1. When the current conversion unit size is 4 × 4 pixels, lastIndInc = lastCtx.
2. When the current conversion unit size is 8 × 8 pixels, lastIndInc = lastCtx + 3.

3. If the current conversion unit size is 16 × 16 pixels, lastIndInc = lastCtx + 8.
4). If the current conversion unit size is 32 × 32 pixels, lastInd = lastCtx + 15.

  When a context model is selected, the last_significant_coeff_y and last_significant_coeff_x syntax elements are arithmetically encoded / decoded using the selected model.

  In block 704, entropy encoding block 510 / entropy decoding block 602 encodes or decodes a binary significance map associated with the current transform unit. Each significant map element (represented by the syntax element significant_coeff_flag) is a binary value indicating whether or not the transform coefficient at the corresponding position in the transform unit is non-zero. Block 704 includes scanning the current transform unit and selecting a transform coefficient context model for each transform coefficient in the scan order. The selected context model is then used to arithmetically encode / decode the significant_coeff_flag syntax element associated with the transform coefficient. The selection of the context model is based on the reference context index (sigCtx) and the context index increment (sigIndInc). The variables sigCtx and sigIndInc are determined dynamically for each transformation coefficient by using a neighborhood method that takes into account the location of the transformation coefficient and a significant map value for one or more neighboring coefficients around the current transformation coefficient. Is done.

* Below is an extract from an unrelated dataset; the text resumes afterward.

(* Let $N$ be a consistent observation machine from $Y$ to $Z$ and let $k=d(N)$. Let $X=Y\times\{0,\dots,k-1\}$, $\hat Y=Y\cup\{\bot\}$, $\hat Z=Z\cup\{\bot\}$, where $\bot$ is a fresh symbol. Then there exist Mealy machines $H$ from $X$ to $\hat Y$ and $M$ from $X$ to $\hat Z$ such that (1) $|S_H|=|S_M|=|S_N|+1$; (2) there exists a Mealy machine $T$ from $\hat Y$ to $\hat Z$ with $T\circ H\equiv M$; and (3) every Mealy machine $T$ from $\hat Y$ to $\hat Z$ with $T\circ H\equiv M$ satisfies $\lambda_T(\overline{y})=\lambda_N(\overline{y})$ for all $\overline{y}\in\Omega_N$.
   Context: An observation machine from $Y$ to $Z$ is a tuple $(Y,Z,S,D,\Delta,\lambda,r)$ with $S$ finite, $D\subseteq S\times Y$, $\Delta:D\to 2^S\setminus\{\emptyset\}$, $\lambda:D\to Z$, $r\in S$. A run on $y_0\dots y_n$ from $s_0$ is $s_0,y_0,z_0,s_1,\dots,s_{n+1}$ with $(s_i,y_i)\in D$, $s_{i+1}\in\Delta(s_i,y_i)$, $z_i=\lambda(s_i,y_i)$; $\Omega_N$ is the set of words having a run from $r$; $N$ is consistent if all runs from $r$ on each $\overline{y}\in\Omega_N$ have the same output word $\lambda_N(\overline{y})$. The degree is $d(N)=\max_{(s,y)\in D}|\Delta(s,y)|$. A Mealy machine from $X$ to $Y$ is $(X,Y,S,\delta,\lambda,r)$ with total $\delta:S\times X\to S$, $\lambda:S\times X\to Y$; $\lambda(\overline{x})$ is the output word from $r$. $T\circ H$ is the cascade: states $S_H\times S_T$, initial $(r_H,r_T)$, and with $y=\lambda_H(s_H,x)$, $\delta((s_H,s_T),x)=(\delta_H(s_H,x),\delta_T(s_T,y))$, $\lambda((s_H,s_T),x)=\lambda_T(s_T,y)$; $\equiv$ means same output word on every input word. *)

theory Defs
  imports Main
begin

  In one embodiment, sigCtx and sigIndInc are determined for a predetermined transform coefficient (y, x) as described below. In this embodiment, the conversion unit is considered to be scanned using forward zigzag scanning. Other types of scans will use different neighbors to determine sigCtx and sigIndInc.

1. When the current conversion unit size is 4 × 4 pixels, sigCtx = y * 4 and sigIndInc = sigCtx + 48.
2. When the current conversion unit size is 8 × 8 pixels, sigCtx = (y >> 1) * 4 + (x >> 1) and sigIndInc = sigCtx + 32.

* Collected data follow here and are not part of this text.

(* Let $1\le k\le n$. For every state $q\in S_k$, there is a wait-free implementation of a consensus object for $k$ processes from one token object $T_q$ (the ERC20 token object initialized in state $q$) together with atomic read/write registers. Consequently $\mathcal{CN}(T_{S_k})\ge k$.
   Context: Asynchronous shared-memory model with crash failures; processes are sequential and communicate through shared objects; an implementation is wait-free if every operation invoked by a correct process terminates regardless of crashes of other processes. A consensus object offers a single-shot operation $\mathrm{propose}(v)$ returning a decided value; it must satisfy termination (wait-freedom), validity (the decided value was proposed by some process) and agreement (all processes decide the same value). The consensus number $\mathcal{CN}(O)$ of an object type $O$ is the largest $m$ such that consensus among $m$ processes can be wait-free implemented from atomic registers and objects of type $O$ (infinite if there is no largest). For a set of states $Q'$, $T_{Q'}$ denotes the token object initialized in some state of $Q'$; $\mathcal{CN}(T_{Q'})\ge k$ means that from any such initial state consensus among $k$ processes can be implemented. ERC20 token object. There are $n$ processes $\Pi=\{p_1,\dots,p_n\}$ and $n$ accounts $\mathcal A=\{a_1,\dots,a_n\}$, with owner bijection $\omega(a_i)=p_i$; $a_p$ denotes the account owned by $p$. States are pairs $q=(\beta,\alpha)$ with balances $\beta:\mathcal A\to\mathbb N$ and allowances $\alpha:\mathcal A\times\Pi\to\mathbb N$. Operations invoked by process $p$ (sequential specification): $\mathrm{transfer}(a_d,v)$: if $\beta(a_p)\ge v$, move $v$ from $a_p$ to $a_d$ and return true, else leave the state unchanged and return false; $\mathrm{approve}(\bar p,v)$: set $\alpha(a_p,\bar p)=v$ (all else unchanged), return true; $\mathrm{transferFrom}(a_s,a_d,v)$: if $\beta(a_s)\ge v$ and $\alpha(a_s,p)\ge v$, decrease $\beta(a_s)$ and $\alpha(a_s,p)$ by $v$, increase $\beta(a_d)$ by $v$, return true, else leave the state unchanged and return false; $\mathrm{balanceOf}(a)$ returns $\beta(a)$; $\mathrm{totalSupply}$ returns $\sum_a\beta(a)$; $\mathrm{allowances}(a,\bar p)$ returns $\alpha(a,\bar p)$ (read-only). $T_q$ is this object initialized in state $q$. Enabled spenders: for $q=(\beta,\alpha)$ and $a\in\mathcal A$, $\sigma_q(a)=\{p\in\Pi: p=\omega(a)\ \lor\ \alpha(a,p)>0\}$, with the convention that if $\beta(a)=0$ then $\sigma_q(a)=\{\omega(a)\}$. Predicate $\mathrm{UT}(a,q)$ holds iff $\beta(a)>0$ and (either $|\sigma_q(a)|\le 2$, or for all $p_i,p_j\in\sigma_q(a)\setminus\{\omega(a)\}$: $\alpha(a,p_i)+\alpha(a,p_j)>\beta(a)$). The set of $k$-synchronization states is $S_k=\{q: \exists a\in\mathcal A,\ |\sigma_q(a)|=k \land \mathrm{UT}(a,q)\}$. *)

theory Defs
  imports Main
begin

text \<open>Processes are p_0..p_(n-1) (naturals below n), accounts a_0..a_(n-1)
  (naturals below n), and the owner of account a_i is process p_i, i.e. the
  owner bijection is the identity on indices.  A token state is a pair
  (beta, alpha) of balances beta a and allowances alpha a p.
  Values of beta/alpha outside the index range are irrelevant.\<close>

type_synonym tstate = "(nat \<Rightarrow> nat) \<times> (nat \<Rightarrow> nat \<Rightarrow> nat)"

definition bal :: "tstate \<Rightarrow> nat \<Rightarrow> nat" where "bal q = fst q"
definition allw :: "tstate \<Rightarrow> nat \<Rightarrow> nat \<Rightarrow> nat" where "allw q = snd q"

definition sigma :: "nat \<Rightarrow> tstate \<Rightarrow> nat \<Rightarrow> nat set" where
  "sigma n q a = (if bal q a = 0 then {a}
                  else {p. p < n \<and> (p = a \<or> allw q a p > 0)})"

definition UT :: "nat \<Rightarrow> nat \<Rightarrow> tstate \<Rightarrow> bool" where
  "UT n a q \<longleftrightarrow> bal q a > 0 \<and>
     (card (sigma n q a) \<le> 2 \<or>
      (\<forall>pi \<in> sigma n q a - {a}. \<forall>pj \<in> sigma n q a - {a}.
          pi \<noteq> pj \<longrightarrow> allw q a pi + allw q a pj > bal q a))"

definition S :: "nat \<Rightarrow> nat \<Rightarrow> tstate set" where
  "S n k = {q. \<exists>a<n. card (sigma n q a) = k \<and> UT n a q}"

datatype 'v op =
    Transfer nat nat            \<comment> \<open>transfer(a_d, v)\<close>
  | Approve nat nat             \<comment> \<open>approve(p, v)\<close>
  | TransferFrom nat nat nat    \<comment> \<open>transferFrom(a_s, a_d, v)\<close>
  | BalanceOf nat
  | TotalSupply
  | Allowance nat nat           \<comment> \<open>allowances(a, p)\<close>
  | RegRead nat
  | RegWrite nat "'v option"

datatype 'v resp = RBool bool | RNat nat | RVal "'v option" | RAck

datatype 'v action = Invoke "'v op" | Decide 'v

type_synonym 'v regs = "nat \<Rightarrow> 'v option"

text \<open>Atomic effect of an operation invoked by process p (sequential specification).
  Arguments outside the index range are treated as failing no-ops.\<close>
fun apply_op :: "nat \<Rightarrow> nat \<Rightarrow> 'v op \<Rightarrow> tstate \<times> 'v regs \<Rightarrow> (tstate \<times> 'v regs) \<times> 'v resp" where
  "apply_op n p (Transfer d v) ((b, al), R) =
     (if d < n \<and> v \<le> b p then
        (let b1 = b(p := b p - v) in (((b1(d := b1 d + v), al), R), RBool True))
      else (((b, al), R), RBool False))"
| "apply_op n p (Approve pb v) ((b, al), R) =
     (if pb < n then (((b, al(p := (al p)(pb := v))), R), RBool True)
      else (((b, al), R), RBool False))"
| "apply_op n p (TransferFrom s d v) ((b, al), R) =
     (if s < n \<and> d < n \<and> v \<le> b s \<and> v \<le> al s p then
        (let b1 = b(s := b s - v) in
          (((b1(d := b1 d + v), al(s := (al s)(p := al s p - v))), R), RBool True))
      else (((b, al), R), RBool False))"
| "apply_op n p (BalanceOf a) ((b, al), R) =
     (((b, al), R), RNat (if a < n then b a else 0))"
| "apply_op n p TotalSupply ((b, al), R) =
     (((b, al), R), RNat (\<Sum>a<n. b a))"
| "apply_op n p (Allowance a pb) ((b, al), R) =
     (((b, al), R), RNat (if a < n \<and> pb < n then al a pb else 0))"
| "apply_op n p (RegRead i) (q, R) = ((q, R), RVal (R i))"
| "apply_op n p (RegWrite i x) (q, R) = ((q, R(i := x)), RAck)"

text \<open>A (deterministic) algorithm: the next action of process p depends on its
  proposal and on the list of responses it has received so far (its local history).\<close>
type_synonym 'v prog = "nat \<Rightarrow> 'v \<Rightarrow> 'v resp list \<Rightarrow> 'v action"

type_synonym 'v config = "tstate \<times> 'v regs \<times> (nat \<Rightarrow> 'v resp list)"

fun step :: "nat \<Rightarrow> 'v prog \<Rightarrow> (nat \<Rightarrow> 'v) \<Rightarrow> nat \<Rightarrow> 'v config \<Rightarrow> 'v config" where
  "step n pr inp p (q, R, h) =
     (case pr p (inp p) (h p) of
        Decide v \<Rightarrow> (q, R, h)
      | Invoke oper \<Rightarrow> (case apply_op n p oper (q, R) of
                      ((q', R'), r) \<Rightarrow> (q', R', h(p := h p @ [r]))))"

text \<open>Execution from token state q0 (registers initially empty) under the
  schedule s (s t is the process taking step t).\<close>
fun run :: "nat \<Rightarrow> 'v prog \<Rightarrow> tstate \<Rightarrow> (nat \<Rightarrow> 'v) \<Rightarrow> (nat \<Rightarrow> nat) \<Rightarrow> nat \<Rightarrow> 'v config" where
  "run n pr q0 inp s 0 = (q0, (\<lambda>_. None), (\<lambda>_. []))"
| "run n pr q0 inp s (Suc t) = step n pr inp (s t) (run n pr q0 inp s t)"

  3. If the current transform unit size is 16 × 16 pixels or 32 × 32 pixels, sigCtx is based on the position (y, x) of the current transform coefficient and the significant map value of the encoded neighborhood of the coefficient: To be determined.

a. If y <= 2 and x <= 2, sigCtx = y * 2 + x.
b. sigCtx = 4 + significant_coeff_flag [y] [x−1] + significant_coeff_flag [y] [x−2], except for y = 0 (ie the current transform coefficient is the upper boundary of the transform unit).

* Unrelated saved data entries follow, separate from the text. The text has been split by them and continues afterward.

lemma deg_less_lin_poly_iff:
  assumes "Q \<ge> 2"
  shows "deg_less (lin_poly Q f) (qbr Q n) \<longleftrightarrow> deg_less f n"
  unfolding deg_less_def
proof (intro iffI allI impI)
  fix i
  assume "\<forall>k\<ge>qbr Q n. coeff (lin_poly Q f) k = 0" and "n \<le> i"
  then show "coeff f i = 0"
    using assms by (auto simp: coeff_lin_poly_qbr qbr_le_iff dest: spec[of _ "qbr Q i"])
next
  fix k
  assume "\<forall>i\<ge>n. coeff f i = 0" and "qbr Q n \<le> k"
  then show "coeff (lin_poly Q f) k = 0"
    by (cases rule: coeff_lin_poly_cases[OF assms, of k f]) (auto simp: qbr_le_iff[OF assms])
qed

lemma degree_lin_poly:
  assumes "Q \<ge> 2"
  shows "degree (lin_poly Q f) = qbr Q (degree f)"
proof (cases "f = 0")
  case True
  then show ?thesis
    by (simp add: qbr_def)
next
  case False
  have "degree (lin_poly Q f) \<le> qbr Q (degree f)"
  proof (rule degree_le, intro allI impI)
    fix k
    assume "qbr Q (degree f) < k"
    then show "coeff (lin_poly Q f) k = 0"
      by (cases rule: coeff_lin_poly_cases[OF assms, of k f])
        (auto simp: qbr_less_iff[OF assms] coeff_eq_0)
  qed
  moreover have "qbr Q (degree f) \<le> degree (lin_poly Q f)"
    using assms False by (intro le_degree) (simp add: coeff_lin_poly_qbr)
  ultimately show ?thesis
    by simp
qed

lemma funpow_power_eq: "((\<lambda>x. x ^ Q) ^^ i) (x :: 'a::monoid_mult) = x ^ (Q ^ i)"
  by (induction i) (simp_all add: power_mult[symmetric] mult.commute)

lemma skew_mult_power_eq_sum:
  fixes a f :: "'a::comm_ring_1 poly"
  assumes "Q > 0" and "degree a \<le> N" and "degree f \<le> M"
  shows "skew_mult (\<lambda>x. x ^ Q) a f =
    (\<Sum>i\<le>N. \<Sum>j\<le>M. monom (coeff a i * coeff f j ^ (Q ^ i)) (i + j))"
proof -
  have "(\<Sum>j\<le>M. monom (coeff a i * coeff f j ^ (Q ^ i)) (i + j)) =
      (\<Sum>j\<le>degree f. monom (coeff a i * coeff f j ^ (Q ^ i)) (i + j))" for i
    by (rule sum.mono_neutral_right) (use assms in \<open>auto simp: coeff_eq_0 power_0_left\<close>)
  moreover have "(\<Sum>i\<le>N. \<Sum>j\<le>degree f. monom (coeff a i * coeff f j ^ (Q ^ i)) (i + j)) =
      (\<Sum>i\<le>degree a. \<Sum>j\<le>degree f. monom (coeff a i * coeff f j ^ (Q ^ i)) (i + j))"
    by (rule sum.mono_neutral_right) (use assms in \<open>auto simp: coeff_eq_0\<close>)
  ultimately show ?thesis
    unfolding skew_mult_def funpow_power_eq by simp
qed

    c. sigCtx = 7 + significant_coeff_flag [y−1] [x] + significant_coeff_flag [y−2] [x], except for x = 0 (ie, the current transform coefficient is the left boundary of the transform unit).

    d. In cases other than x> 1 and y> 1, sigCtx = significant_coeff_flag [y−1] [x] + significant_coeff_flag [y] [x−1] + significant_coeff_flag [y−1] _coff_yf_yf] x-2] + significant_coeff_flag [y-2] [x].

    e. When x> 1 is not satisfied, sigCtx = significant_coeff_flag [y−1] [x] + significant_coeff_flag [y] [x−1] + significant_coeff_flag [y−1] [x−1] + sign_f [

    f. When y> 1 is not satisfied, sigCtx = significant_coeff_flag [y−1] [x] + significant_coeff_flag [y] [x−1] + significant_coeff_flag [y−1] [x−1] + signif [x]

    g. Otherwise, sigCtx = significant_coeff_flag [y−1] [x] + significant_coeff_flag [y] [x−1] + significant_coeff_flag [y−1] [x−1].

h. If sigCtx is 10+ (minimum value of 4 and sigCtx), the final value.
4). When the current conversion unit size is 16 × 16 pixels, sigIndInc = sigCtx + 16.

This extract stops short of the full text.